▶ Activity: Your task is to copy every entry exactly.

▶ Source records:
(* Suppose $g=1$ (so $f$ has degree $3$) and $\mathfrak{s}\subset\mathcal{R}$ is a cluster of cardinality $2$. Then $B_{f,\mathfrak{s}}=4v(2)$.
   Context: $K$ is a field of characteristic $0$, complete for a discrete valuation $v$ (values in $\mathbb{Q}\cup\{+\infty\}$) with algebraically closed residue field of characteristic $2$; $v$ extends to a fixed algebraic closure $\bar K$. $f\in K[x]$ is separable of degree $2g+1$ with root set $\mathcal{R}\subset\bar K$. Discs: $D_{\alpha,b}=\{z\in\bar K:v(z-\alpha)\ge b\}$. A nonempty $\mathfrak{s}\subseteq\mathcal{R}$ is a cluster if $\mathfrak{s}=D\cap\mathcal{R}$ for some disc $D$; $d_+(\mathfrak{s})=\min_{a\ne a'\in\mathfrak{s}}v(a-a')$; for $\mathfrak{s}\ne\mathcal{R}$, the parent $\mathfrak{s}'$ is the smallest cluster properly containing $\mathfrak{s}$ and $d_-(\mathfrak{s})=d_+(\mathfrak{s}')$. For nonzero $h\in\bar K[z]$, $v(h)$ is the minimum valuation of its coefficients. A part-square decomposition of $h$ is $h=q^2+\rho$ with $\deg q\le\lceil\deg h/2\rceil$, and $t_{q,\rho}=v(\rho)-v(h)$. It is good if $t_{q,\rho}\ge2v(2)$ or no part-square decomposition $h=\tilde q^2+\tilde\rho$ has $t_{\tilde q,\tilde\rho}>t_{q,\rho}$. For a finite nonempty multiset $S\subset\bar K$ and disc $D=D_{\alpha,v(\beta)}$, $\mathfrak{t}^{S}(D)=\min\{t_{q,\rho},2v(2)\}$ where $h$ has root multiset $S$ and $h(\alpha+\beta z)=q^2+\rho$ is any good part-square decomposition (independent of choices). For an even-cardinality cluster $\mathfrak{s}$ and $\alpha\in\mathfrak{s}$, for $b\ge0$ set $\mathfrak{t}^{\mathfrak{s}}_+(b)=\mathfrak{t}^{\mathfrak{s}}(D_{\alpha,d_+(\mathfrak{s})-b})$, $\mathfrak{t}^{\mathfrak{s}}_-(b)=\mathfrak{t}^{\mathcal{R}\setminus\mathfrak{s}}(D_{\alpha,d_-(\mathfrak{s})+b})$, $b_0(\mathfrak{t}^{\mathfrak{s}}_\pm)$ the least $b\ge0$ at which $\mathfrak{t}^{\mathfrak{s}}_\pm$ equals $2v(2)$, and $B_{f,\mathfrak{s}}=b_0(\mathfrak{t}^{\mathfrak{s}}_+)+b_0(\mathfrak{t}^{\mathfrak{s}}_-)$. *)

theory Defs
  imports Complex_Main "HOL-Library.Extended_Real" "HOL-Library.Multiset"
    "HOL-Computational_Algebra.Polynomial" "HOL-Computational_Algebra.Polynomial_Factorial"
begin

▶ Completed exercise:
(* Suppose $g=1$ (so $f$ has degree $3$) and $\mathfrak{s}\subset\mathcal{R}$ is a cluster of cardinality $2$. Then $B_{f,\mathfrak{s}}=4v(2)$.
   Context: $K$ is a field of characteristic $0$, complete for a discrete valuation $v$ (values in $\mathbb{Q}\cup\{+\infty\}$) with algebraically closed residue field of characteristic $2$; $v$ extends to a fixed algebraic closure $\bar K$. $f\in K[x]$ is separable of degree $2g+1$ with root set $\mathcal{R}\subset\bar K$. Discs: $D_{\alpha,b}=\{z\in\bar K:v(z-\alpha)\ge b\}$. A nonempty $\mathfrak{s}\subseteq\mathcal{R}$ is a cluster if $\mathfrak{s}=D\cap\mathcal{R}$ for some disc $D$; $d_+(\mathfrak{s})=\min_{a\ne a'\in\mathfrak{s}}v(a-a')$; for $\mathfrak{s}\ne\mathcal{R}$, the parent $\mathfrak{s}'$ is the smallest cluster properly containing $\mathfrak{s}$ and $d_-(\mathfrak{s})=d_+(\mathfrak{s}')$. For nonzero $h\in\bar K[z]$, $v(h)$ is the minimum valuation of its coefficients. A part-square decomposition of $h$ is $h=q^2+\rho$ with $\deg q\le\lceil\deg h/2\rceil$, and $t_{q,\rho}=v(\rho)-v(h)$. It is good if $t_{q,\rho}\ge2v(2)$ or no part-square decomposition $h=\tilde q^2+\tilde\rho$ has $t_{\tilde q,\tilde\rho}>t_{q,\rho}$. For a finite nonempty multiset $S\subset\bar K$ and disc $D=D_{\alpha,v(\beta)}$, $\mathfrak{t}^{S}(D)=\min\{t_{q,\rho},2v(2)\}$ where $h$ has root multiset $S$ and $h(\alpha+\beta z)=q^2+\rho$ is any good part-square decomposition (independent of choices). For an even-cardinality cluster $\mathfrak{s}$ and $\alpha\in\mathfrak{s}$, for $b\ge0$ set $\mathfrak{t}^{\mathfrak{s}}_+(b)=\mathfrak{t}^{\mathfrak{s}}(D_{\alpha,d_+(\mathfrak{s})-b})$, $\mathfrak{t}^{\mathfrak{s}}_-(b)=\mathfrak{t}^{\mathcal{R}\setminus\mathfrak{s}}(D_{\alpha,d_-(\mathfrak{s})+b})$, $b_0(\mathfrak{t}^{\mathfrak{s}}_\pm)$ the least $b\ge0$ at which $\mathfrak{t}^{\mathfrak{s}}_\pm$ equals $2v(2)$, and $B_{f,\mathfrak{s}}=b_0(\mathfrak{t}^{\mathfrak{s}}_+)+b_0(\mathfrak{t}^{\mathfrak{s}}_-)$. *)

theory Defs
  imports Complex_Main "HOL-Library.Extended_Real" "HOL-Library.Multiset"
    "HOL-Computational_Algebra.Polynomial" "HOL-Computational_Algebra.Polynomial_Factorial"
begin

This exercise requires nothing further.